(* Let $m\ge2$, fix real numbers $r_1,\dots,r_m>0$ and integers $i_1,\dots,i_m\ge1$. If $D$ is divisible by $\gcd_j i_j$ and is sufficiently large, then there exist integers $d_1,\dots,d_m\ge1$ with $\gcd(d_1,\dots,d_m)=1$ and $D=d_1i_1+\dots+d_mi_m$ such that for each $\ell$, \[ \Big|d_\ell-\frac{r_\ell D}{i_1r_1+\dots+i_mr_m}\Big|\le (i_1+i_2)J(D)\,1_{\ell\in\{1,2\}}+\sum_{j=2}^m i_j. \]
   Context: $J(D)$ is Jacobsthal's function: the minimal integer such that every interval of this length contains an integer coprime to $D$. *)

theory Defs
  imports Complex_Main
begin

definition jacobsthal :: "nat \<Rightarrow> nat" where
  "jacobsthal D = (LEAST j. \<forall>a::int. \<exists>x\<in>{a+1..a + int j}. coprime x (int D))"

end

(* Put x_l = r_l D / (i_1 r_1 + ... + i_m r_m), so that sum_l x_l i_l = D, and start from any
   integer solution of sum_l e_l i_l = D.  Shifting e_l (l >= 3) by multiples of i_2, compensated
   in e_2, brings these coordinates within i_2 of x_l.  With g = gcd(i_1, i_2), a = i_1/g,
   b = i_2/g and u b + v a = 1, the moves (e_1, e_2) -> (e_1 + t b, e_2 - t a) keep the sum and
   change u e_1 - v e_2 by exactly t; so among J(D) consecutive values of t one makes
   u e_1 - v e_2 coprime to D, and then gcd(e_1, ..., e_m), which divides D, is 1.  The deviation
   of e_2 is controlled through the linear relation.  Positivity of all e_l for large D needs
   J(D) = o(D): a Legendre sieve gives J(D) <= 4^omega(D) + 1, and 4^omega(D) <= 4^16 sqrt D. *)

theory Submission
  imports Defs "HOL-Computational_Algebra.Primes" "HOL-Real_Asymp.Real_Asymp"
begin

definition sifted_count :: "int set \<Rightarrow> real \<Rightarrow> real \<Rightarrow> nat" where
  "sifted_count P a b = card {x::int. a < of_int x \<and> of_int x \<le> b \<and> (\<forall>p\<in>P. \<not> p dvd x)}"

lemma ints_between_eq: "{x::int. (a::real) < of_int x \<and> of_int x \<le> (b::real)} = {\<lfloor>a\<rfloor><..\<lfloor>b\<rfloor>}"
  by (auto simp: floor_less_iff le_floor_iff)

lemma finite_ints_between: "finite {x::int. (a::real) < of_int x \<and> of_int x \<le> (b::real) \<and> Q x}"
  by (rule finite_subset[of _ "{\<lfloor>a\<rfloor><..\<lfloor>b\<rfloor>}"]) (auto simp: floor_less_iff le_floor_iff)

lemma card_ints_between_approx:
  assumes "a \<le> b"
  shows "\<bar>real (card {x::int. a < of_int x \<and> of_int x \<le> b}) - (b - a)\<bar> \<le> 1"
proof -
  have "\<lfloor>a\<rfloor> \<le> \<lfloor>b\<rfloor>"
    using assms by (rule floor_mono)
  then have "real (card {x::int. a < of_int x \<and> of_int x \<le> b}) = of_int \<lfloor>b\<rfloor> - of_int \<lfloor>a\<rfloor>"
    by (simp add: ints_between_eq)
  moreover have "of_int \<lfloor>a\<rfloor> \<le> a" "a < of_int \<lfloor>a\<rfloor> + 1" "of_int \<lfloor>b\<rfloor> \<le> b" "b < of_int \<lfloor>b\<rfloor> + 1"
    by linarith+
  ultimately show ?thesis
    unfolding abs_le_iff by linarith
qed

lemma sifted_count_insert:
  fixes p :: int
  assumes p: "prime p" and P: "\<forall>q\<in>P. prime q" "p \<notin> P"
  shows "sifted_count P a b = sifted_count (insert p P) a b + sifted_count P (a / p) (b / p)"
proof -
  define A where "A = {x::int. a < of_int x \<and> of_int x \<le> b \<and> (\<forall>q\<in>P. \<not> q dvd x)}"
  define B where "B = {k::int. a / p < of_int k \<and> of_int k \<le> b / p \<and> (\<forall>q\<in>P. \<not> q dvd k)}"
  have "p > 0"
    using p prime_gt_0_int by blast
  have dvd_iff: "q dvd p * k \<longleftrightarrow> q dvd k" "q dvd k * p \<longleftrightarrow> q dvd k" if "q \<in> P" for q k
    using that P p primes_dvd_imp_eq prime_dvd_mult_iff by (metis mult.commute)+
  have "A \<inter> {x. p dvd x} = (*) p ` B"
  proof (intro equalityI subsetI)
    fix x assume "x \<in> A \<inter> {x. p dvd x}"
    then obtain k where "x = p * k" "k \<in> B"
      using \<open>p > 0\<close> by (auto simp: A_def B_def dvd_iff field_simps)
    then show "x \<in> (*) p ` B" by blast
  qed (use \<open>p > 0\<close> in \<open>auto simp: A_def B_def dvd_iff field_simps\<close>)
  then have "card (A \<inter> {x. p dvd x}) = card B"
    using \<open>p > 0\<close> by (simp add: card_image inj_on_def)
  moreover have "A - {x. p dvd x} = {x::int. a < of_int x \<and> of_int x \<le> b \<and> (\<forall>q\<in>insert p P. \<not> q dvd x)}"
    by (auto simp: A_def)
  ultimately show ?thesis
    using card_Int_Diff[of A "{x. p dvd x}"] finite_ints_between
    by (simp add: sifted_count_def A_def B_def)
qed
(* (1) The code $\mathcal C:\mathbb{F}_q^5\to(\mathbb{F}_q^2)^5$ given by $\mathbf c_i=(x_i,\,x_{i+2}+x_{i+3})$ for $i\in[5]$ (indices modulo $5$ in $[5]$; explicitly $\mathbf c_1=(x_1,x_3+x_4)$, $\mathbf c_2=(x_2,x_4+x_5)$, $\mathbf c_3=(x_3,x_5+x_1)$, $\mathbf c_4=(x_4,x_1+x_2)$, $\mathbf c_5=(x_5,x_2+x_3)$) is a $(5,10,3,5)$-BAC. (2) The code of Construction C built from the good vector $\mathbf v=(2,3,2,4,3,1,1,4)$ (with $t=4$, $n=17$) is a $(17,85,7,17)$-BAC.
   Context: Fix a finite field $\mathbb{F}_q$. For $\mathbf v$ with $t=4$ and $j\in[4]$, $j(\mathbf v)=\max\{i:v_i=j\}$ (so $1(\mathbf v)=7$, $2(\mathbf v)=3$, $3(\mathbf v)=5$, $4(\mathbf v)=8$). Construction C with $n=17$: indices modulo $17$ in $[17]$; for $\mathbf x\in\mathbb{F}_q^{17}$, $i\in[17]$, $j\in[4]$ put $y_{i,j}=x_{i-4-j(\mathbf v)}+x_{i-4-j(\mathbf v)+j}$ and $\mathbf c_i=(x_i,y_{i,1},\dots,y_{i,4})$. An $(n,N,k,m)$-batch array code (BAC) over $\mathbb{F}_q$ is an $\mathbb{F}_q$-linear map $\mathbf x\in\mathbb{F}_q^n\mapsto(\mathbf c_1,\dots,\mathbf c_m)$ with buckets $\mathbf c_\ell\in\mathbb{F}_q^{N_\ell}$, $N_\ell\ge1$, $\sum_\ell N_\ell=N$, such that for every multiset $\{\{i_1,\dots,i_k\}\}$ of elements of $[n]$ there is a partition of $[m]$ into $k$ sets $R_1,\dots,R_k$ such that for each $j\in[k]$, $x_{i_j}$ is an $\mathbb{F}_q$-linear combination of values $f_\ell(\mathbf c_\ell)$, $\ell\in R_j$, for some linear functionals $f_\ell$ (independent of $\mathbf x$). *)

theory Defs
  imports Main
begin

definition modidx :: "nat \<Rightarrow> int \<Rightarrow> nat" where
  "modidx n i = nat ((i - 1) mod int n) + 1"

= = = =

▶ **Exercise directions**: Report only how many lines in the listing contain the string "modidx".

▶ **Exercise output**: 2